■ Try it ■
Please copy out all lines of the entries that contain the word "thesis".

##### Data shown

lemma inner_second_moment_mult_vec:
  fixes v :: "'w \<Rightarrow> real^'n"
  assumes "v \<in> borel_measurable M" "integrable M (\<lambda>w. (norm (v w))\<^sup>2)"
  shows "x \<bullet> (second_moment M v *v y) = (\<integral>w. (x \<bullet> v w) * (y \<bullet> v w) \<partial>M)"
proof -
  have entry: "integrable M (\<lambda>w. v w $ i * v w $ j)" for i j
    using integrable_inner_mult[OF assms(1,1,2,2), of "axis i 1" "axis j 1"]
    by (simp add: inner_axis')
  have "x \<bullet> (second_moment M v *v y) =
      (\<Sum>i\<in>UNIV. \<Sum>j\<in>UNIV. (\<integral>w. x $ i * y $ j * (v w $ i * v w $ j) \<partial>M))"
    by (simp add: inner_vec_def matrix_vector_mult_def second_moment_def sum_distrib_left
        algebra_simps)
  also have "\<dots> = (\<integral>w. (\<Sum>i\<in>UNIV. \<Sum>j\<in>UNIV. x $ i * y $ j * (v w $ i * v w $ j)) \<partial>M)"
    by (simp add: entry integrable_sum Bochner_Integration.integral_sum)
  also have "\<dots> = (\<integral>w. (x \<bullet> v w) * (y \<bullet> v w) \<partial>M)"
    by (simp add: inner_vec_def sum_product algebra_simps)
  finally show ?thesis .
qed

lemma mat_trace_second_moment:
  fixes v :: "'w \<Rightarrow> real^'n"
  assumes "v \<in> borel_measurable M" "integrable M (\<lambda>w. (norm (v w))\<^sup>2)"
  shows "mat_trace (second_moment M v) = (\<integral>w. (norm (v w))\<^sup>2 \<partial>M)"
proof -
  have diagonal: "integrable M (\<lambda>w. v w $ i * v w $ i)" for i
    using integrable_inner_mult[OF assms(1,1,2,2), of "axis i 1" "axis i 1"]
    by (simp add: inner_axis')
  have "mat_trace (second_moment M v) = (\<integral>w. (\<Sum>i\<in>UNIV. v w $ i * v w $ i) \<partial>M)"
    unfolding mat_trace_def second_moment_def
    by (simp add: diagonal Bochner_Integration.integral_sum)
  also have "\<dots> = (\<integral>w. (norm (v w))\<^sup>2 \<partial>M)"
    by (simp add: power2_norm_eq_inner inner_vec_def)
  finally show ?thesis .
qed

lemma spec_norm_pos:
  fixes A :: "real^'n^'m"
  assumes "A \<noteq> 0"
  shows "0 < spec_norm A"
proof -
  have "\<exists>x. A *v x \<noteq> 0" using assms by (metis matrix_eq matrix_vector_mult_0)
  then show ?thesis unfolding spec_norm_def by (subst onorm_pos_lt) auto
qed

lemma spec_norm_le_if_bilinear_bound:
  fixes A :: "real^'n^'m"
  assumes "0 \<le> c" and bound: "\<And>x y. \<bar>x \<bullet> (A *v y)\<bar> \<le> c * norm x * norm y"
  shows "spec_norm A \<le> c"
  unfolding spec_norm_def
proof (rule onorm_le)
  fix y
  have "(norm (A *v y))\<^sup>2 = (A *v y) \<bullet> (A *v y)" by (rule power2_norm_eq_inner)
  also have "\<dots> \<le> norm (A *v y) * (c * norm y)" using bound[of "A *v y" y] by (simp add: algebra_simps)
  finally have "norm (A *v y) * norm (A *v y) \<le> norm (A *v y) * (c * norm y)"
    by (simp add: power2_eq_square)
  then show "norm (A *v y) \<le> c * norm y"
    using \<open>0 \<le> c\<close> by (cases "A *v y = 0") auto
qed

lemma integral_inner_square_le_spec_norm:
  fixes v :: "'w \<Rightarrow> real^'n"
  assumes "v \<in> borel_measurable M" "integrable M (\<lambda>w. (norm (v w))\<^sup>2)"
  shows "(\<integral>w. (y \<bullet> v w)\<^sup>2 \<partial>M) \<le> spec_norm (second_moment M v) * (norm y)\<^sup>2"
proof -
  have "(\<integral>w. (y \<bullet> v w)\<^sup>2 \<partial>M) = y \<bullet> (second_moment M v *v y)"
    by (simp add: inner_second_moment_mult_vec[OF assms] power2_eq_square)
  also have "\<dots> \<le> norm y * norm (second_moment M v *v y)" by (rule norm_cauchy_schwarz)
  also have "\<dots> \<le> norm y * (spec_norm (second_moment M v) * norm y)"
    unfolding spec_norm_def by (intro mult_left_mono onorm) simp_all
  finally show ?thesis by (simp add: power2_eq_square algebra_simps)
qed

lemma spec_norm_second_moment_le_mat_trace:
  fixes v :: "'w \<Rightarrow> real^'n"
  assumes "v \<in> borel_measurable M" "integrable M (\<lambda>w. (norm (v w))\<^sup>2)"
  shows "spec_norm (second_moment M v) \<le> mat_trace (second_moment M v)"
proof -
  define S where "S = (\<integral>w. (norm (v w))\<^sup>2 \<partial>M)"
  have "spec_norm (second_moment M v) \<le> S"
  proof (rule spec_norm_le_if_bilinear_bound)
    show "0 \<le> S" unfolding S_def by simp
    fix x y :: "real^'n"
    have "\<bar>x \<bullet> (second_moment M v *v y)\<bar>
        \<le> sqrt (\<integral>w. (x \<bullet> v w)\<^sup>2 \<partial>M) * sqrt (\<integral>w. (y \<bullet> v w)\<^sup>2 \<partial>M)"
      unfolding inner_second_moment_mult_vec[OF assms]
      by (rule abs_integral_inner_mult_le_sqrt[OF assms(1,1,2,2)])
    also have "\<dots> \<le> sqrt ((norm x)\<^sup>2 * S) * sqrt ((norm y)\<^sup>2 * S)"
      unfolding S_def
      by (intro mult_mono real_sqrt_le_mono integral_inner_square_le[OF assms]) simp_all
    also have "\<dots> = S * norm x * norm y"
      using \<open>0 \<le> S\<close> by (simp add: real_sqrt_mult)
    finally show "\<bar>x \<bullet> (second_moment M v *v y)\<bar> \<le> S * norm x * norm y" .
  qed
  then show ?thesis unfolding S_def mat_trace_second_moment[OF assms] .
qed

lemma inner_second_moment_diff_mult_vec:
  fixes u v :: "'w \<Rightarrow> real^'n"
  assumes "u \<in> borel_measurable M" "v \<in> borel_measurable M"
    and "integrable M (\<lambda>w. (norm (u w))\<^sup>2)" "integrable M (\<lambda>w. (norm (v w))\<^sup>2)"
  defines "e \<equiv> \<lambda>w. u w - v w"
  shows "x \<bullet> ((second_moment M u - second_moment M v) *v y) =
      (\<integral>w. (x \<bullet> e w) * (y \<bullet> v w) \<partial>M) + (\<integral>w. (x \<bullet> v w) * (y \<bullet> e w) \<partial>M)
      + (\<integral>w. (x \<bullet> e w) * (y \<bullet> e w) \<partial>M)"
proof -
  have e: "e \<in> borel_measurable M" "integrable M (\<lambda>w. (norm (e w))\<^sup>2)"
    unfolding e_def using assms square_integrable_diff by simp_all
  have "(x \<bullet> u w) * (y \<bullet> u w) = (x \<bullet> e w) * (y \<bullet> v w) + (x \<bullet> v w) * (y \<bullet> e w)
      + (x \<bullet> e w) * (y \<bullet> e w) + (x \<bullet> v w) * (y \<bullet> v w)" for w
    by (simp add: e_def inner_diff_right algebra_simps)
  then have "(\<integral>w. (x \<bullet> u w) * (y \<bullet> u w) \<partial>M) =
      (\<integral>w. (x \<bullet> e w) * (y \<bullet> v w) \<partial>M) + (\<integral>w. (x \<bullet> v w) * (y \<bullet> e w) \<partial>M)
      + (\<integral>w. (x \<bullet> e w) * (y \<bullet> e w) \<partial>M) + (\<integral>w. (x \<bullet> v w) * (y \<bullet> v w) \<partial>M)"
    using integrable_inner_mult[OF e(1) assms(2) e(2) assms(4)]
      integrable_inner_mult[OF assms(2) e(1) assms(4) e(2)]
      integrable_inner_mult[OF e(1) e(1) e(2) e(2)]
      integrable_inner_mult[OF assms(2) assms(2) assms(4) assms(4)]
    by simp
  then show ?thesis
    by (simp add: matrix_vector_mult_diff_rdistrib inner_diff_right
        inner_second_moment_mult_vec[OF assms(1,3)] inner_second_moment_mult_vec[OF assms(2,4)])
qed
definition simple_graph :: "'a set \<Rightarrow> ('a \<Rightarrow> 'a \<Rightarrow> bool) \<Rightarrow> bool" where
  "simple_graph V E \<longleftrightarrow> finite V \<and> (\<forall>x y. E x y \<longrightarrow> E y x) \<and> (\<forall>x. \<not> E x x)
     \<and> (\<forall>x y. E x y \<longrightarrow> x \<in> V \<and> y \<in> V)"

definition degree :: "'a set \<Rightarrow> ('a \<Rightarrow> 'a \<Rightarrow> bool) \<Rightarrow> 'a \<Rightarrow> nat" where
  "degree V E x = card {y \<in> V. E x y}"

text \<open>Outerplanar (convex) embedding: vertices placed on a circle in the cyclic order given
  by pos (positions 0..n-1); edges drawn as chords, no two of which cross.\<close>
definition outer_emb :: "'a set \<Rightarrow> ('a \<Rightarrow> 'a \<Rightarrow> bool) \<Rightarrow> ('a \<Rightarrow> nat) \<Rightarrow> bool" where
  "outer_emb V E pos \<longleftrightarrow> bij_betw pos V {0..<card V} \<and>
     (\<forall>a\<in>V. \<forall>b\<in>V. \<forall>c\<in>V. \<forall>d\<in>V. E a b \<longrightarrow> E c d \<longrightarrow>
        \<not> (pos a < pos c \<and> pos c < pos b \<and> pos b < pos d))"

definition outerplanar :: "'a set \<Rightarrow> ('a \<Rightarrow> 'a \<Rightarrow> bool) \<Rightarrow> bool" where
  "outerplanar V E \<longleftrightarrow> (\<exists>pos. outer_emb V E pos)"

definition add_edge :: "('a \<Rightarrow> 'a \<Rightarrow> bool) \<Rightarrow> 'a \<Rightarrow> 'a \<Rightarrow> ('a \<Rightarrow> 'a \<Rightarrow> bool)" where
  "add_edge E x y = (\<lambda>a b. E a b \<or> (a = x \<and> b = y) \<or> (a = y \<and> b = x))"

definition maximal_outerplanar :: "'a set \<Rightarrow> ('a \<Rightarrow> 'a \<Rightarrow> bool) \<Rightarrow> bool" where
  "maximal_outerplanar V E \<longleftrightarrow> simple_graph V E \<and> outerplanar V E \<and>
     (\<forall>x\<in>V. \<forall>y\<in>V. x \<noteq> y \<longrightarrow> \<not> E x y \<longrightarrow> \<not> outerplanar V (add_edge E x y))"

text \<open>Edge xy lies on the outer face of the embedding: x, y consecutive in the cyclic order.\<close>
definition outer_edge :: "'a set \<Rightarrow> ('a \<Rightarrow> nat) \<Rightarrow> 'a \<Rightarrow> 'a \<Rightarrow> bool" where
  "outer_edge V pos x y \<longleftrightarrow> pos y = (pos x + 1) mod card V \<or> pos x = (pos y + 1) mod card V"

text \<open>cyclic strict betweenness: b lies strictly inside the arc going from a to c
  in increasing cyclic direction.\<close>
definition cbetw :: "nat \<Rightarrow> nat \<Rightarrow> nat \<Rightarrow> bool" where
  "cbetw a b c \<longleftrightarrow> (a < b \<and> b < c) \<or> (b < c \<and> c < a) \<or> (c < a \<and> a < b)"

text \<open>Vertex set of the segment G_x(xy) with w = Delta(xy): x, w and the vertices on the side
  of the chord xw not containing y.\<close>
definition seg_vertices :: "'a set \<Rightarrow> ('a \<Rightarrow> nat) \<Rightarrow> 'a \<Rightarrow> 'a \<Rightarrow> 'a \<Rightarrow> 'a set" where
  "seg_vertices V pos x w y = {x, w} \<union>
     {z \<in> V. z \<noteq> x \<and> z \<noteq> w \<and> cbetw (pos x) (pos z) (pos w) \<noteq> cbetw (pos x) (pos y) (pos w)}"
lemma poly_in_vars_insert_decomp:
  assumes "poly_in_vars (insert i I) p"
  shows "\<exists>P. (\<forall>n. poly_in_vars I (\<lambda>x. coeff (P x) n)) \<and> (\<forall>x. p x = poly (P x) (x i))"
  using assms
proof (induction rule: poly_in_vars.induct)
  case (poly_in_vars_const c)
  show ?case
    by (rule exI[of _ "\<lambda>x. [:c:]"]) (auto simp: coeff_pCons poly_in_vars.intros split: nat.split)
next
  case (poly_in_vars_var j)
  show ?case
  proof (cases "j = i")
    case True
    show ?thesis
      by (rule exI[of _ "\<lambda>x. [:0, 1:]"]) (auto simp: True coeff_pCons poly_in_vars.intros split: nat.split)
  next
    case False
    with poly_in_vars_var have "j \<in> I" by auto
    then have "poly_in_vars I (\<lambda>x. coeff [:x j:] n)" for n
      by (cases n) (auto intro: poly_in_vars.intros)
    then show ?thesis by (intro exI[of _ "\<lambda>x. [:x j:]"]) auto
  qed
next
  case (poly_in_vars_add p q)
  then obtain P Q where "\<forall>n. poly_in_vars I (\<lambda>x. coeff (P x) n)" "\<forall>x. p x = poly (P x) (x i)"
    "\<forall>n. poly_in_vars I (\<lambda>x. coeff (Q x) n)" "\<forall>x. q x = poly (Q x) (x i)" by blast
  then show ?case
    by (intro exI[of _ "\<lambda>x. P x + Q x"]) (auto intro: poly_in_vars.intros)
next
  case (poly_in_vars_mult p q)
  then obtain P Q where "\<forall>n. poly_in_vars I (\<lambda>x. coeff (P x) n)" "\<forall>x. p x = poly (P x) (x i)"
    "\<forall>n. poly_in_vars I (\<lambda>x. coeff (Q x) n)" "\<forall>x. q x = poly (Q x) (x i)" by blast
  then show ?case
    by (intro exI[of _ "\<lambda>x. P x * Q x"])
       (auto simp: coeff_mult intro!: poly_in_vars_sum poly_in_vars.intros)
qed

text \<open>Induction on the variables: a polynomial that is nonzero somewhere is, for almost every value
  of the remaining variables, a nonzero univariate polynomial in the last one, hence nonzero off a
  finite set; Fubini combines the two statements.\<close>

lemma AE_poly_in_vars_nonzero:
  fixes M :: "'i \<Rightarrow> real measure"
  assumes "finite I" and M: "\<And>i. atomless_borel_prob (M i)"
  shows "poly_in_vars I p \<Longrightarrow> p x0 \<noteq> 0 \<Longrightarrow> AE x in PiM I M. p x \<noteq> 0"
  using assms(1)
proof (induction I arbitrary: p x0 rule: finite_induct)
  case empty
  have "p x = p x0" for x by (rule poly_in_vars_cong[OF empty.prems(1)]) simp
  with empty.prems(2) show ?case by (intro AE_I2) metis
next
  case (insert i I)
  have Mprob: "prob_space (M j)" and Msets: "sets (M j) = sets borel" for j
    using M by (auto simp: atomless_borel_prob_def)
  obtain P where P: "\<And>n. poly_in_vars I (\<lambda>x. coeff (P x) n)" "\<And>x. p x = poly (P x) (x i)"
    using poly_in_vars_insert_decomp[OF insert.prems(1)] by blast
  have P_upd: "P (X(i := t)) = P X" for X t
    by (rule poly_eqI, rule poly_in_vars_cong[OF P(1)]) (use insert.hyps(2) in auto)
  have "P x0 \<noteq> 0" using insert.prems(2) P(2)[of x0] by auto
  then obtain n where "coeff (P x0) n \<noteq> 0" by (metis leading_coeff_0_iff)
  from insert.IH[OF P(1) this] have "AE X in PiM I M. AE t in M i. p (X(i := t)) \<noteq> 0"
  proof eventually_elim
    case (elim X)
    then have "finite {t. poly (P X) t = 0}" by (intro poly_roots_finite) auto
    from AE_not_in_finite[OF M this] show ?case
      by eventually_elim (simp add: P(2) P_upd)
  qed
  interpret pair_sigma_finite "M i" "PiM I M"
    using Mprob by (intro pair_sigma_finite.intro prob_space_imp_sigma_finite prob_space_PiM)
  have upd: "(\<lambda>(t, X). X(i := t)) \<in> M i \<Otimes>\<^sub>M PiM I M \<rightarrow>\<^sub>M PiM (insert i I) M"
    by measurable
  have p_meas: "p \<in> borel_measurable (PiM (insert i I) M)"
    by (rule borel_measurable_poly_in_vars[OF insert.prems(1) subset_refl Msets])
  have S: "{x \<in> space (M i \<Otimes>\<^sub>M PiM I M). p ((snd x)(i := fst x)) \<noteq> 0} \<in> sets (M i \<Otimes>\<^sub>M PiM I M)"
    using measurable_comp[OF upd p_meas] by (simp add: comp_def case_prod_beta)
  with \<open>AE X in PiM I M. AE t in M i. p (X(i := t)) \<noteq> 0\<close>
  have "AE t in M i. AE X in PiM I M. p (X(i := t)) \<noteq> 0"
    using AE_commute[of "\<lambda>t X. p (X(i := t)) \<noteq> 0"] by blast
  then have "AE x in M i \<Otimes>\<^sub>M PiM I M. p ((\<lambda>(t, X). X(i := t)) x) \<noteq> 0"
    by (auto simp: case_prod_beta intro: AE_pair_measure[OF S])
  then have "AE x in distr (M i \<Otimes>\<^sub>M PiM I M) (PiM (insert i I) M) (\<lambda>(t, X). X(i := t)). p x \<noteq> 0"
    by (subst AE_distr_iff[OF upd]) (use p_meas in measurable)
  also have "distr (M i \<Otimes>\<^sub>M PiM I M) (PiM (insert i I) M) (\<lambda>(t, X). X(i := t)) = PiM (insert i I) M"
    using Mprob by (intro distr_pair_PiM_eq_PiM)
  finally show ?case .
qed

lemma AE_pair_PiM_nonzero:
  fixes f :: "('i \<Rightarrow> real) \<Rightarrow> ('j \<Rightarrow> real) \<Rightarrow> real"
  assumes "finite I" "finite J"
    and M: "\<And>i. atomless_borel_prob (M i)" and N: "\<And>j. atomless_borel_prob (N j)"
    and poly_W: "\<And>V. poly_in_vars I (\<lambda>W. f W V)" and poly_V: "\<And>W. poly_in_vars J (\<lambda>V. f W V)"
    and "f W0 V0 \<noteq> 0"
    and f_meas: "(\<lambda>x. f (fst x) (snd x)) \<in> borel_measurable (PiM I M \<Otimes>\<^sub>M PiM J N)"
  shows "AE x in PiM I M \<Otimes>\<^sub>M PiM J N. f (fst x) (snd x) \<noteq> 0"
proof -
  have "AE W in PiM I M. f W V0 \<noteq> 0"
    by (rule AE_poly_in_vars_nonzero[OF \<open>finite I\<close> M poly_W \<open>f W0 V0 \<noteq> 0\<close>])
  then have "AE W in PiM I M. AE V in PiM J N. f W V \<noteq> 0"
    by eventually_elim (rule AE_poly_in_vars_nonzero[OF \<open>finite J\<close> N poly_V])
  interpret pair_sigma_finite "PiM I M" "PiM J N"
    using M N by (intro pair_sigma_finite.intro prob_space_imp_sigma_finite prob_space_PiM)
                 (auto simp: atomless_borel_prob_def)
  have "{x \<in> space (PiM I M \<Otimes>\<^sub>M PiM J N). f (fst x) (snd x) \<noteq> 0} \<in> sets (PiM I M \<Otimes>\<^sub>M PiM J N)"
    using f_meas by measurable
  then show ?thesis
    by (rule AE_pair_measure) (simp add: \<open>AE W in PiM I M. AE V in PiM J N. f W V \<noteq> 0\<close>)
qed

subsection \<open>The linear system for the first-layer scales\<close>

text \<open>Row \<open>i * d + j\<close> of this matrix is the equation \<open>\<Sum>\<^sub>k V\<^sub>i\<^sub>k W\<^sub>k\<^sub>j \<gamma>\<^sub>k = c\<^sub>i\<^sub>j\<close>.\<close>

definition scale_system_mat :: "nat \<Rightarrow> (nat \<times> nat \<Rightarrow> real) \<Rightarrow> (nat \<times> nat \<Rightarrow> real) \<Rightarrow> real mat" where
  "scale_system_mat d W V = Matrix.mat (d^2) (d^2) (\<lambda>(r, k). V (r div d, k) * W (k, r mod d))"

lemma scale_system_mat_carrier: "scale_system_mat d W V \<in> carrier_mat (d^2) (d^2)"
  unfolding scale_system_mat_def by simp

lemma div_mod_less_of_less_square:
  fixes r d :: nat
  assumes "r < d^2"
  shows "r div d < d" "r mod d < d"
proof -
  from assms have "d > 0" by (cases d) auto
  then show "r mod d < d" by simp
  show "r div d < d" using assms by (simp add: power2_eq_square less_mult_imp_div_less)
qed

lemma det_scale_system_mat:
  "det (scale_system_mat d W V) = (\<Sum>p | p permutes {0..<d^2}. of_int (sign p) *
    (\<Prod>r=0..<d^2. V (r div d, p r) * W (p r, r mod d)))"
  by (subst det_def'[OF scale_system_mat_carrier])
     (auto intro!: sum.cong prod.cong simp: scale_system_mat_def permutes_in_image)

lemma poly_in_vars_det_scale_system_mat_W:
  "poly_in_vars ({0..<d^2} \<times> {0..<d}) (\<lambda>W. det (scale_system_mat d W V))"
  unfolding det_scale_system_mat
  by (intro poly_in_vars_sum poly_in_vars_prod poly_in_vars.intros)
     (auto simp: permutes_in_image div_mod_less_of_less_square)

lemma poly_in_vars_det_scale_system_mat_V:
  "poly_in_vars ({0..<d} \<times> {0..<d^2}) (\<lambda>V. det (scale_system_mat d W V))"
  unfolding det_scale_system_mat
  by (intro poly_in_vars_sum poly_in_vars_prod poly_in_vars.intros)
     (auto simp: permutes_in_image div_mod_less_of_less_square)

lemma borel_measurable_det_scale_system_mat:
  assumes "sets M = sets borel" "sets N = sets borel"
  shows "(\<lambda>WV. det (scale_system_mat d (fst WV) (snd WV)))
    \<in> borel_measurable (PiM ({0..<d^2} \<times> {0..<d}) (\<lambda>_. M) \<Otimes>\<^sub>M PiM ({0..<d} \<times> {0..<d^2}) (\<lambda>_. N))"
  unfolding det_scale_system_mat
  by (intro borel_measurable_sum borel_measurable_prod borel_measurable_times borel_measurable_const
        measurable_compose[OF measurable_fst borel_measurable_PiM_component]
        measurable_compose[OF measurable_snd borel_measurable_PiM_component])
     (auto simp: permutes_in_image div_mod_less_of_less_square assms)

##########

■ Exercise answer ■
  finally show ?thesis .
  finally show ?thesis .
  then show ?thesis unfolding spec_norm_def by (subst onorm_pos_lt) auto
  finally show ?thesis by (simp add: power2_eq_square algebra_simps)
  then show ?thesis unfolding S_def mat_trace_second_moment[OF assms] .
  then show ?thesis
    show ?thesis
    then show ?thesis by (intro exI[of _ "\<lambda>x. [:x j:]"]) auto
  then show ?thesis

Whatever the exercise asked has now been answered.